16. Tale obbligo, infatti, doveva ritenersi immanente al sistema in ragione dei rilievi di ordine sistematico dianzi enunciati, restando naturalmente salva la facoltà del legislatore di renderlo manifesto attraverso un’apposita disposizione di legge a carattere meramente ricognitivo (cfr. in tal senso, tra le tante, Corte cost. nn. 230 del 2016, 346 del 2010, 401 del 2007).

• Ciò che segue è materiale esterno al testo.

(* Let $A>0$ and $C_2>0$ be such that $R:=(C_2/A)^{1/N}>1$. For $R_1>R$ set $C_1=C_2R_1^{sp}$ and define the radial function $$G(y)=\min\{A,\;C_2|y|^{-N},\;C_1|y|^{-(N+sp)}\},$$ so that $G=A$ for $|y|\le R$, $G=C_2|y|^{-N}$ for $R\le|y|\le R_1$ and $G=C_1|y|^{-(N+sp)}$ for $|y|\ge R_1$. Then there exists $R_*>R$ such that for every $R_1\ge R_*$ the inequality $$\mathcal L_{s,p}G(y)-\beta\,r^{1-N}\big(r^N G\big)'(r)\ge0,\qquad r=|y|,$$ holds for all $|y|\ge 2R_1$.
   Context: Fix $N\ge1$, $0<s<1$, $p>2$, $\Phi(z)=|z|^{p-2}z$, $\mathcal L_{s,p}u(x)=\mathrm{P.V.}\int_{\mathbb R^N}\Phi(u(x)-u(y))|x-y|^{-(N+sp)}dy$, and $\beta=1/(N(p-2)+sp)$. For a radial function $G(y)=G(r)$, $r^{1-N}(r^NG)'=\nabla\cdot(yG)$. *)

theory Defs
  imports "HOL-Analysis.Analysis"
begin

definition Phi :: "real \<Rightarrow> real \<Rightarrow> real" where
  "Phi p z = \<bar>z\<bar> powr (p - 2) * z"

definition Lsp_trunc :: "real \<Rightarrow> real \<Rightarrow> (real^'n \<Rightarrow> real) \<Rightarrow> real^'n \<Rightarrow> real \<Rightarrow> real" where
  "Lsp_trunc s p u x eps =
     (LINT y : {y. dist x y \<ge> eps} | lebesgue.
        Phi p (u x - u y) * dist x y powr (- (real CARD('n) + s * p)))"

text \<open>The principal value integral L_{s,p} u (x) exists and equals L.\<close>
definition Lsp_has_value :: "real \<Rightarrow> real \<Rightarrow> (real^'n \<Rightarrow> real) \<Rightarrow> real^'n \<Rightarrow> real \<Rightarrow> bool" where
  "Lsp_has_value s p u x L \<longleftrightarrow>
     (\<forall>eps>0. set_integrable lebesgue {y. dist x y \<ge> eps}
        (\<lambda>y. Phi p (u x - u y) * dist x y powr (- (real CARD('n) + s * p))))
     \<and> (Lsp_trunc s p u x \<longlongrightarrow> L) (at_right 0)"

definition Gprof :: "nat \<Rightarrow> real \<Rightarrow> real \<Rightarrow> real \<Rightarrow> real \<Rightarrow> real \<Rightarrow> real \<Rightarrow> real" where
  "Gprof N s p A C2 C1 r =
     (if r = 0 then A
      else min A (min (C2 * r powr (- real N)) (C1 * r powr (- (real N + s * p)))))"

end

theory Submission
  imports Defs
begin

text \<open>
  For \<open>|y| \<ge> R1\<close> the profile is the pure power \<open>G = C1 |y|^-(N+sp)\<close>, so the transport term
  \<open>\<beta> r^(1-N) (r^N G)'\<close> equals \<open>-\<beta> sp C1 |y|^-(N+sp)\<close>. Write \<open>L_{s,p} G(y)\<close> as the integral of the
  kernel symmetrised in \<open>h \<mapsto> -h\<close>. On \<open>|h| < |y|/2\<close> the symmetrisation cancels the first-order
  variation of the power tail, and a second-order Taylor bound shows this part is
  \<open>O(C1^(p-1) |y|^(N-(N+sp)p))\<close>; on \<open>|h| \<ge> |y|/2\<close> the kernel is bounded below by
  \<open>-|y/2|^-(N+sp)\<close> times translates of an integrable majorant of \<open>G^(p-1)\<close> that does not depend on
  \<open>R1\<close>. Relative to \<open>C1 |y|^-(N+sp)\<close> both errors tend to zero as \<open>R1 \<rightarrow> \<infinity>\<close>, because
  \<open>C1 = C2 R1^sp\<close> grows; this yields \<open>R_*\<close>.
\<close>

section \<open>Integrals of radial power functions\<close>

lemma emeasure_density_powr_lessThan:
  fixes n V x :: real
  assumes n: "n > 0" and V: "V \<ge> 0" and x: "x > 0"
  shows "emeasure (density lborel (\<lambda>t. ennreal (V * n * t powr (n - 1)) * indicator {0<..} t)) {..<x}
    = ennreal (V * x powr n)"
proof -
  have "emeasure (density lborel (\<lambda>t. ennreal (V * n * t powr (n - 1)) * indicator {0<..} t)) {..<x} =
      (\<integral>\<^sup>+t. ennreal (V * n * t powr (n - 1)) * indicator {0<..<x} t \<partial>lborel)"
    by (subst emeasure_density) (auto intro!: nn_integral_cong split: split_indicator)
  also have "\<dots> = ennreal (V * n * (x powr (n - 1 + 1) / (n - 1 + 1)))"
    using has_integral_powr_from_0[of "n - 1" x] n V x
    by (intro nn_integral_has_integral_lebesgue' has_integral_mult_right)
       (auto simp: has_integral_Icc_iff_Ioo[symmetric])
  finally show ?thesis
    using n by simp
qed

lemma distr_norm_lborel:
  defines "N \<equiv> DIM('a::euclidean_space)"
  shows "distr lborel borel (norm :: 'a \<Rightarrow> real) =
    density lborel (\<lambda>t. ennreal (unit_ball_vol N * N * t powr (real N - 1)) * indicator {0<..} t)"
    (is "?D = density lborel ?f")
proof (rule measure_eqI_generator_eq[where E="range lessThan" and \<Omega>=UNIV and A="\<lambda>i. {..<real (Suc i)}"])
  let ?V = "unit_ball_vol N"
  have ball_eq: "emeasure ?D {..<x} = ennreal (?V * x powr N)" if "x > 0" for x
  proof -
    have "emeasure ?D {..<x} = emeasure lborel (ball (0::'a) x)"
      by (subst emeasure_distr) (auto intro!: arg_cong[where f="emeasure lborel"])
    then show ?thesis
      using that by (simp add: emeasure_ball N_def powr_realpow)
  qed
  have dens_eq: "emeasure (density lborel ?f) {..<x} = ennreal (?V * x powr N)" if "x > 0" for x
    using emeasure_density_powr_lessThan[of N ?V x] that by (simp add: N_def)
  show "emeasure ?D X = emeasure (density lborel ?f) X" if "X \<in> range lessThan" for X
  proof -
    obtain x where X: "X = {..<x}" using \<open>X \<in> range lessThan\<close> by blast
    show ?thesis
    proof (cases "x > 0")
      case True
      then show ?thesis unfolding X using ball_eq dens_eq by simp
    next
      case False
      have "(norm :: 'a \<Rightarrow> real) -` {..<x} = {}"
        using False by (auto dest: order.strict_trans1[OF norm_ge_zero])
      then have "emeasure ?D {..<x} = 0"
        by (subst emeasure_distr) auto
      moreover have "emeasure (density lborel ?f) {..<x} = (\<integral>\<^sup>+t. ?f t * indicator {..<x} t \<partial>lborel)"
        by (rule emeasure_density) auto
      moreover have "?f t * indicator {..<x} t = 0" for t
        using False by (simp split: split_indicator)
      ultimately show ?thesis unfolding X by simp
    qed
  qed
  show "emeasure ?D {..<real (Suc i)} \<noteq> \<infinity>" for i
    by (simp add: ball_eq)
  show "sets ?D = sigma_sets UNIV (range lessThan)" "sets (density lborel ?f) = sigma_sets UNIV (range lessThan)"
    by (simp_all add: borel_Iio)
  have "\<exists>i. t < real (Suc i)" for t :: real
  proof -
    obtain n :: nat where "t < n" using reals_Archimedean2 by blast
    then show ?thesis by (intro exI[of _ n]) simp
  qed
  then show "(\<Union>i. {..<real (Suc i)}) = UNIV" by auto
  have "{..<a} \<inter> {..<b} = {..<min a b}" for a b :: real
    by auto
  then show "Int_stable (range (lessThan :: real \<Rightarrow> real set))"
    by (auto simp: Int_stable_def)
qed auto

lemma nn_integral_radial:
  fixes f :: "real \<Rightarrow> ennreal"
  assumes [measurable]: "f \<in> borel_measurable borel"
  defines "N \<equiv> DIM('a::euclidean_space)"
  shows "(\<integral>\<^sup>+h. f (norm (h::'a)) \<partial>lborel) =
    (\<integral>\<^sup>+t. ennreal (unit_ball_vol N * N * t powr (real N - 1)) * indicator {0<..} t * f t \<partial>lborel)"
proof -
  have "(\<integral>\<^sup>+h. f (norm (h::'a)) \<partial>lborel) = (\<integral>\<^sup>+t. f t \<partial>distr lborel borel (norm :: 'a \<Rightarrow> real))"
    by (simp add: nn_integral_distr)
  then show ?thesis
    unfolding distr_norm_lborel N_def by (simp add: nn_integral_density)
qed

lemma nn_integral_norm_powr:
  fixes \<gamma> :: real and I :: "real set"
  assumes [measurable]: "I \<in> sets borel"
  defines "N \<equiv> DIM('a::euclidean_space)"
  shows "(\<integral>\<^sup>+h. ennreal (norm (h::'a) powr \<gamma>) * indicator I (norm h) \<partial>lborel) =
    (\<integral>\<^sup>+t. ennreal (unit_ball_vol N * N * t powr (\<gamma> + N - 1)) * indicator (I \<inter> {0<..}) t \<partial>lborel)"
proof -
  have "t powr (real N - 1) * t powr \<gamma> = t powr (\<gamma> + N - 1)" if "t > 0" for t :: real
    using that by (simp add: powr_add[symmetric] algebra_simps)
  then have "ennreal (unit_ball_vol N * N * t powr (real N - 1)) * indicator {0<..} t * (ennreal (t powr \<gamma>) * indicator I t)
      = ennreal (unit_ball_vol N * N * t powr (\<gamma> + N - 1)) * indicator (I \<inter> {0<..}) t" for t
    by (auto simp: ennreal_mult'[symmetric] mult.assoc split: split_indicator)
  then show ?thesis
    unfolding N_def by (subst nn_integral_radial) (auto simp: N_def)
qed
lemma zinv_dvd_power_int_minus_one:
  fixes m N :: nat and e :: int
  assumes m: "m > 1" and N: "N > 0" and cop: "coprime N m"
    and c: "zinv_dvd m N (of_nat m powi e - 1)"
  shows "int N dvd int m ^ nat \<bar>e\<bar> - 1"
proof -
  define E where "E = nat \<bar>e\<bar>"
  have cop': "coprime (int N) (int m ^ k)" for k using cop by (simp add: coprime_power_right_iff)
  show ?thesis
  proof (cases "e \<ge> 0")
    case True
    hence "of_nat m powi e - 1 = of_int (int m ^ E - 1) / (of_nat m :: rat) ^ 0"
      unfolding E_def by (simp add: power_int_def)
    then obtain r where "int N dvd (int m ^ E - 1) * int m ^ r"
      using zinv_dvd_imp_int_dvd[of m N "int m ^ E - 1" 0] m N c by auto
    thus ?thesis using cop' unfolding E_def by (simp add: coprime_dvd_mult_left_iff)
  next
    case False
    hence "of_nat m powi e - 1 = of_int (1 - int m ^ E) / (of_nat m :: rat) ^ E"
      unfolding E_def using m by (simp add: power_int_def power_inverse field_simps)
    then obtain r where "int N dvd (1 - int m ^ E) * int m ^ r"
      using zinv_dvd_imp_int_dvd[of m N "1 - int m ^ E" E] m N c by auto
    hence "int N dvd - (int m ^ E - 1)" using cop' by (simp add: coprime_dvd_mult_left_iff)
    thus ?thesis unfolding E_def by (simp only: dvd_minus_iff)
  qed
qed

lemma dvd_cancel_prime_to_part:
  fixes D N M :: nat and c j :: int
  assumes dec: "int D * c = int N * int M" and M: "M dvd m ^ R" and c: "c \<noteq> 0"
    and N: "int N dvd j * c * int m ^ r"
  shows "int D dvd j * int m ^ (r + R)"
proof -
  have "int N * int M dvd j * c * int m ^ r * int m ^ R"
    using N M by (intro mult_dvd_mono) (auto simp flip: of_nat_power)
  hence "int D * c dvd (j * int m ^ (r + R)) * c" unfolding dec by (simp add: power_add mult_ac)
  thus ?thesis using c by simp
qed

section \<open>Matrices over Z[1/m]\<close>

definition upper_zinv :: "nat \<Rightarrow> nat \<Rightarrow> rat mat \<Rightarrow> bool" where
  "upper_zinv m n X \<longleftrightarrow> X \<in> carrier_mat n n \<and> entries_in (zinv m) n X \<and> upper_triangular X"

lemma entries_in_zinv_mult:
  assumes m: "m > 0" and X: "X \<in> carrier_mat n n" and Y: "Y \<in> carrier_mat n n"
    and "entries_in (zinv m) n X" "entries_in (zinv m) n Y"
  shows "entries_in (zinv m) n (X * Y)"
  unfolding entries_in_def
proof (intro allI impI)
  fix i j assume ij: "i < n" "j < n"
  show "(X * Y) $$ (i,j) \<in> zinv m"
    unfolding index_mult_mat_sum[OF X Y ij]
    by (rule zinv_sum[OF m]) (use assms ij in \<open>auto simp: entries_in_def intro!: zinv_mult\<close>)
qed

lemma upper_zinv_mult: "m > 0 \<Longrightarrow> upper_zinv m n X \<Longrightarrow> upper_zinv m n Y \<Longrightarrow> upper_zinv m n (X * Y)"
  unfolding upper_zinv_def
  by (intro conjI mult_carrier_mat entries_in_zinv_mult upper_triangular_mult) auto

lemma upper_zinv_one: "upper_zinv m n (1\<^sub>m n)"
  unfolding upper_zinv_def entries_in_def by (auto simp: zero_in_zinv one_in_zinv)

lemma Tn_zinv_inverse:
  assumes X: "X \<in> Tn_zinv m n" and Y: "Y \<in> carrier_mat n n"
    and XY: "X * Y = 1\<^sub>m n"
  shows "upper_zinv m n X" "upper_zinv m n Y"
proof -
  obtain B where B: "B \<in> carrier_mat n n" "entries_in (zinv m) n B" "B * X = 1\<^sub>m n"
    and Xc: "X \<in> carrier_mat n n" and eX: "entries_in (zinv m) n X" and uX: "upper_triangular X"
    using X unfolding Tn_zinv_def GLn_zinv_def by blast
  have "B = B * (X * Y)" using XY B(1) by simp
  also have "\<dots> = B * X * Y" using B(1) Xc Y by (simp add: assoc_mult_mat)
  also have "\<dots> = Y" using B(3) Y by simp
  finally show "upper_zinv m n Y"
    using B upper_triangular_right_inverse[OF Xc Y uX XY] Y unfolding upper_zinv_def by auto
  show "upper_zinv m n X" using Xc eX uX unfolding upper_zinv_def by auto
qed

definition mat_cong :: "nat \<Rightarrow> nat \<Rightarrow> nat \<Rightarrow> rat mat \<Rightarrow> rat mat \<Rightarrow> bool" where
  "mat_cong m n N X Y \<longleftrightarrow> (\<forall>i<n. \<forall>j<n. zinv_dvd m N (X $$ (i,j) - Y $$ (i,j)))"

lemma cong_subgroup_iff:
  "g \<in> cong_subgroup m n N G \<longleftrightarrow> g \<in> G \<and> mat_cong m n N g (1\<^sub>m n)"
  by (simp add: cong_subgroup_def mat_cong_def zinv_dvd_def)

lemma mat_cong_sym: "mat_cong m n N X Y \<Longrightarrow> mat_cong m n N Y X"
  unfolding mat_cong_def using zinv_dvd_uminus by (metis minus_diff_eq)

lemma mat_cong_trans: "m > 0 \<Longrightarrow> mat_cong m n N X Y \<Longrightarrow> mat_cong m n N Y Z \<Longrightarrow> mat_cong m n N X Z"
  unfolding mat_cong_def using zinv_dvd_add by (metis diff_add_cancel add_diff_eq)

lemma mat_cong_mult_left:
  assumes m: "m > 0" and W: "W \<in> carrier_mat n n" and X: "X \<in> carrier_mat n n"
    and Y: "Y \<in> carrier_mat n n" and eW: "entries_in (zinv m) n W" and c: "mat_cong m n N X Y"
  shows "mat_cong m n N (W * X) (W * Y)"
  unfolding mat_cong_def
proof (intro allI impI)
  fix i j assume ij: "i < n" "j < n"
  have "(W * X) $$ (i,j) - (W * Y) $$ (i,j) = (\<Sum>p<n. W $$ (i,p) * (X $$ (p,j) - Y $$ (p,j)))"
    unfolding index_mult_mat_sum[OF W X ij] index_mult_mat_sum[OF W Y ij]
    by (simp add: sum_subtractf[symmetric] right_diff_distrib)
  also have "zinv_dvd m N \<dots>"
    by (rule zinv_dvd_sum[OF m])
       (use eW c ij in \<open>auto simp: entries_in_def mat_cong_def intro!: zinv_dvd_mult_left\<close>)
  finally show "zinv_dvd m N ((W * X) $$ (i,j) - (W * Y) $$ (i,j))" .
qed

lemma mat_cong_mult_right:
  assumes m: "m > 0" and W: "W \<in> carrier_mat n n" and X: "X \<in> carrier_mat n n"
    and Y: "Y \<in> carrier_mat n n" and eW: "entries_in (zinv m) n W" and c: "mat_cong m n N X Y"
  shows "mat_cong m n N (X * W) (Y * W)"
  unfolding mat_cong_def
proof (intro allI impI)
  fix i j assume ij: "i < n" "j < n"
  have "(X * W) $$ (i,j) - (Y * W) $$ (i,j) = (\<Sum>p<n. (X $$ (i,p) - Y $$ (i,p)) * W $$ (p,j))"
    unfolding index_mult_mat_sum[OF X W ij] index_mult_mat_sum[OF Y W ij]
    by (simp add: sum_subtractf[symmetric] left_diff_distrib)
  also have "zinv_dvd m N \<dots>"
    by (rule zinv_dvd_sum[OF m])
       (use eW c ij in \<open>auto simp: entries_in_def mat_cong_def intro!: zinv_dvd_mult_right\<close>)
  finally show "zinv_dvd m N ((X * W) $$ (i,j) - (Y * W) $$ (i,j))" .
qed

section \<open>An affine model of BS(1,m)\<close>

text \<open>a acts on the rationals by x + 1 and t by m x; an affine map is recorded as
  (slope, intercept).\<close>

definition aff_comp :: "rat \<times> rat \<Rightarrow> rat \<times> rat \<Rightarrow> rat \<times> rat" where
  "aff_comp f g = (fst f * fst g, fst f * snd g + snd f)"

definition aff_letter :: "nat \<Rightarrow> letter \<Rightarrow> rat \<times> rat" where
  "aff_letter m l = (case l of (False,False) \<Rightarrow> (1,1) | (False,True) \<Rightarrow> (1,-1)
      | (True,False) \<Rightarrow> (of_nat m, 0) | (True,True) \<Rightarrow> (1 / of_nat m, 0))"

definition aff_eval :: "nat \<Rightarrow> letter list \<Rightarrow> rat \<times> rat" where
  "aff_eval m w = foldr (\<lambda>l f. aff_comp (aff_letter m l) f) w (1,0)"

lemma aff_eval_append: "aff_eval m (u @ v) = aff_comp (aff_eval m u) (aff_eval m v)"
  by (induct u) (auto simp: aff_eval_def aff_comp_def algebra_simps)

lemma aff_eval_replicate_a: "aff_eval m (replicate k (False,False)) = (1, of_nat k)"
  by (induct k) (auto simp: aff_eval_def aff_comp_def aff_letter_def)

lemma bs_eq_aff_eval:
  assumes "m > 0" "bs_eq m u v" shows "aff_eval m u = aff_eval m v"
  using assms(2)
proof induct
  case (cancel u g e v)
  have "aff_eval m [(g,e),(g,\<not>e)] = (1,0)"
    using assms(1) by (cases g; cases e) (auto simp: aff_eval_def aff_comp_def aff_letter_def)
  thus ?case by (simp only: aff_eval_append) (simp add: aff_comp_def)
next
  case (relator u v)
  have "aff_eval m [(True,False),(False,False),(True,True)] = (1, of_nat m)"
    using assms(1) by (auto simp: aff_eval_def aff_comp_def aff_letter_def)
  thus ?case by (simp only: aff_eval_append aff_eval_replicate_a)
qed auto

lemma bs_eq_a_square_nontrivial: "m > 0 \<Longrightarrow> \<not> bs_eq m [(False,False),(False,False)] []"
  using bs_eq_aff_eval[of m "[(False,False),(False,False)]" "[]"]
  by (auto simp: aff_eval_def aff_comp_def aff_letter_def)

definition letter_inv :: "letter \<Rightarrow> letter" where "letter_inv l = (fst l, \<not> snd l)"

locale bs_rep =
  fixes m n :: nat and A Ai T Ti :: "rat mat"
  assumes m2: "m \<ge> 2"
    and A: "A \<in> Tn_zinv m n" and T: "T \<in> Tn_zinv m n"
    and Ai: "Ai \<in> carrier_mat n n" and AAi: "A * Ai = 1\<^sub>m n" and AiA: "Ai * A = 1\<^sub>m n"
    and Ti: "Ti \<in> carrier_mat n n" and TTi: "T * Ti = 1\<^sub>m n" and TiT: "Ti * T = 1\<^sub>m n"
    and hom: "T * A * Ti = A ^\<^sub>m m"
    and inj: "\<forall>w. word_eval n A Ai T Ti w = 1\<^sub>m n \<longrightarrow> bs_eq m w []"
begin

abbreviation ev where "ev \<equiv> word_eval n A Ai T Ti"
abbreviation \<Gamma> where "\<Gamma> \<equiv> range ev"
abbreviation Gr where "Gr \<equiv> mat_grp n \<Gamma>"
abbreviation gmult :: "rat mat \<Rightarrow> rat mat \<Rightarrow> rat mat" (infixl "\<odot>" 70)
  where "x \<odot> y \<equiv> x \<otimes>\<^bsub>Gr\<^esub> y"
abbreviation ginv :: "rat mat \<Rightarrow> rat mat" where "ginv x \<equiv> inv\<^bsub>Gr\<^esub> x"

lemma m_pos: "m > 0" using m2 by auto

lemma upper_A: "upper_zinv m n A" and upper_Ai: "upper_zinv m n Ai"
  and upper_T: "upper_zinv m n T" and upper_Ti: "upper_zinv m n Ti"
  using Tn_zinv_inverse[OF A Ai AAi] Tn_zinv_inverse[OF T Ti TTi] by auto

lemma upper_letter_eval: "upper_zinv m n (letter_eval A Ai T Ti l)"
  using upper_A upper_Ai upper_T upper_Ti
  by (cases l, rename_tac a b, case_tac a; case_tac b) (auto simp: letter_eval_def)

lemma ev_Nil: "ev [] = 1\<^sub>m n" by (simp add: word_eval_def)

18. Neppure possono desumersi argomenti contrari dall’art. 3, comma 2, l. n. 218 del 1990, che, oltre i diritti quesiti, ha fatto salvi «gli effetti di leggi speciali e quelli rivenienti dalla originaria natura pubblica dell’ente di appartenenza», giacché tale disposizione, originariamente introdotta per i dipendenti degli enti creditizi e successivamente estesa anche ai dipendenti dell’ENEL in virtù del d.l. n. 198 del 1993, conv. con I.n. 292 del 1993, si riferisce espressamente, ed esclusivamente, alle situazioni giuridiche dei dipendenti degli enti pubblici oggetto di trasformazione in soggetti di diritto privato e non può in alcun modo costituire la base normativa per attribuire situazioni di vantaggio in favore dei loro datori di lavoro.
19. Il ricorso, in conclusione, va accolto e la sentenza impugnata va cassata; non essendo necessari ulteriori accertamenti, decidendo nel merito, va quindi affermato l’obbligo del pagamento dei contributi per maternità indicati nella cartella opposta.
20. La complessità e problematicità delle questioni trattate impone la compensazione integrale delle spese dell’intero processo.
P.Q.M.
accoglie il ricorso; cassa la sentenza impugnata e, decidendo nel merito, dichiara dovuti i contributi per maternità di cui alla cartella opposta; dichiara interamente compensate le spese dell’intero processo.